[[ The data open ]]

(* Let $\tau>0$, $\Lambda\subset\mathbb{R}$ an open interval and $H:\Lambda\times\mathbb{R}\times\mathbb{R}^{2n}\to\mathbb{R}$ continuous with each $H(\lambda,t,\cdot)$ of class $C^2$, all partial derivatives continuous in $(\lambda,t,z)$, and $H(\lambda,t+\tau,z)=H(\lambda,t,z)$, $H(\lambda,-t,Nz)=H(\lambda,t,z)$ for all $(\lambda,t,z)$. Let $v_0$ solve $$\dot u(t)=J\nabla H_{\lambda,t}(u(t)),\quad u(t+\tau)=u(t),\quad u(-t)=Nu(t)\ \forall t\in\mathbb{R}\qquad(\ast)$$ for each $\lambda\in\Lambda$, and let $\gamma_\lambda:[0,\tau]\to{\rm Sp}(2n,\mathbb{R})$ be the fundamental matrix solution of $\dot Z=JH''_{\lambda,t}(v_0(t))Z$, $Z(0)=I$. If $(\mu,v_0)$ is a bifurcation point of $(\ast)$, then $\dot v(t)=JH''_{\mu,t}(v_0(t))v(t)$, $v(t+\tau)=v(t)$, $v(-t)=Nv(t)$ $\forall t$, has nontrivial solutions, i.e. $\nu_{1,\tau}(\gamma_\mu)\neq0$.
   Context: $J=\begin{pmatrix}0&-I_n\\ I_n&0\end{pmatrix}$, $N=\begin{pmatrix}-I_n&0\\0&I_n\end{pmatrix}$; ${\rm Sp}(2n,\mathbb{R})=\{M:M^TJM=J\}$. $S_\tau=\mathbb{R}/\tau\mathbb{Z}$. $(\mu,v_0)$ is a bifurcation point of $(\ast)$ if each neighbourhood of it in $\Lambda\times W^{1,2}(S_\tau;\mathbb{R}^{2n})$ (equivalently $\Lambda\times C^1(S_\tau;\mathbb{R}^{2n})$) contains $(\lambda,v)$ with $v\ne v_0$ solving $(\ast)$ for $\lambda$. For $\gamma$ with $\gamma(\tau/2)=\begin{pmatrix}A&B\\C&D\end{pmatrix}$ ($n\times n$ blocks), $\nu_{1,\tau}(\gamma)=\dim{\rm Ker}(B)$. *)

theory Defs
  imports "HOL-Analysis.Analysis"
begin

text \<open>Phase space R^{2n} is modelled as real^('n + 'n): the indices Inl i are the
first n coordinates (x), the indices Inr i the last n coordinates (y).\<close>

type_synonym ('n) phase = "real ^ ('n + 'n)"
type_synonym ('n) phasemat = "real ^ ('n + 'n) ^ ('n + 'n)"

definition Jmat :: "('n::finite) phasemat" where
  "Jmat = (\<chi> a b. case (a, b) of
              (Inl i, Inr j) \<Rightarrow> (if i = j then -1 else 0)
            | (Inr i, Inl j) \<Rightarrow> (if i = j then 1 else 0)
            | _ \<Rightarrow> 0)"

definition Nmat :: "('n::finite) phasemat" where
  "Nmat = (\<chi> a b. if a = b then (case a of Inl _ \<Rightarrow> -1 | Inr _ \<Rightarrow> 1) else 0)"

definition blockB :: "('n::finite) phasemat \<Rightarrow> real ^ 'n ^ 'n" where
  "blockB M = (\<chi> i j. M $ Inl i $ Inr j)"

definition nu1 :: "real \<Rightarrow> (real \<Rightarrow> ('n::finite) phasemat) \<Rightarrow> nat" where
  "nu1 \<tau> \<gamma> = dim {x :: real ^ 'n. blockB (\<gamma> (\<tau> / 2)) *v x = 0}"

definition solves_star ::
  "real \<Rightarrow> (real \<Rightarrow> real \<Rightarrow> ('n::finite) phase \<Rightarrow> 'n phase) \<Rightarrow> real \<Rightarrow> (real \<Rightarrow> 'n phase) \<Rightarrow> bool" where
  "solves_star \<tau> gradH lam u \<longleftrightarrow>
     (\<forall>t. (u has_vector_derivative (Jmat *v gradH lam t (u t))) (at t)) \<and>
     (\<forall>t. u (t + \<tau>) = u t) \<and>
     (\<forall>t. u (- t) = Nmat *v u t)"

definition bifurcation_point ::
  "real \<Rightarrow> real set \<Rightarrow> (real \<Rightarrow> real \<Rightarrow> ('n::finite) phase \<Rightarrow> 'n phase) \<Rightarrow> real \<Rightarrow> (real \<Rightarrow> 'n phase) \<Rightarrow> bool" where
  "bifurcation_point \<tau> \<Lambda> gradH \<mu> v0 \<longleftrightarrow>
     \<mu> \<in> \<Lambda> \<and>
     (\<forall>\<epsilon>>0. \<exists>lam\<in>\<Lambda>. \<exists>v. solves_star \<tau> gradH lam v \<and> v \<noteq> v0 \<and> \<bar>lam - \<mu>\<bar> < \<epsilon> \<and>
        (\<forall>t. norm (v t - v0 t) + norm (vector_derivative v (at t) - vector_derivative v0 (at t)) < \<epsilon>))"

end

theory Submission
  imports Defs
begin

[[ The data closed ]]

Your task >>
Every line above that holds the string "epsilon" should be copied out.

Reply >>
     (\<forall>\<epsilon>>0. \<exists>lam\<in>\<Lambda>. \<exists>v. solves_star \<tau> gradH lam v \<and> v \<noteq> v0 \<and> \<bar>lam - \<mu>\<bar> < \<epsilon> \<and>
        (\<forall>t. norm (v t - v0 t) + norm (vector_derivative v (at t) - vector_derivative v0 (at t)) < \<epsilon>))"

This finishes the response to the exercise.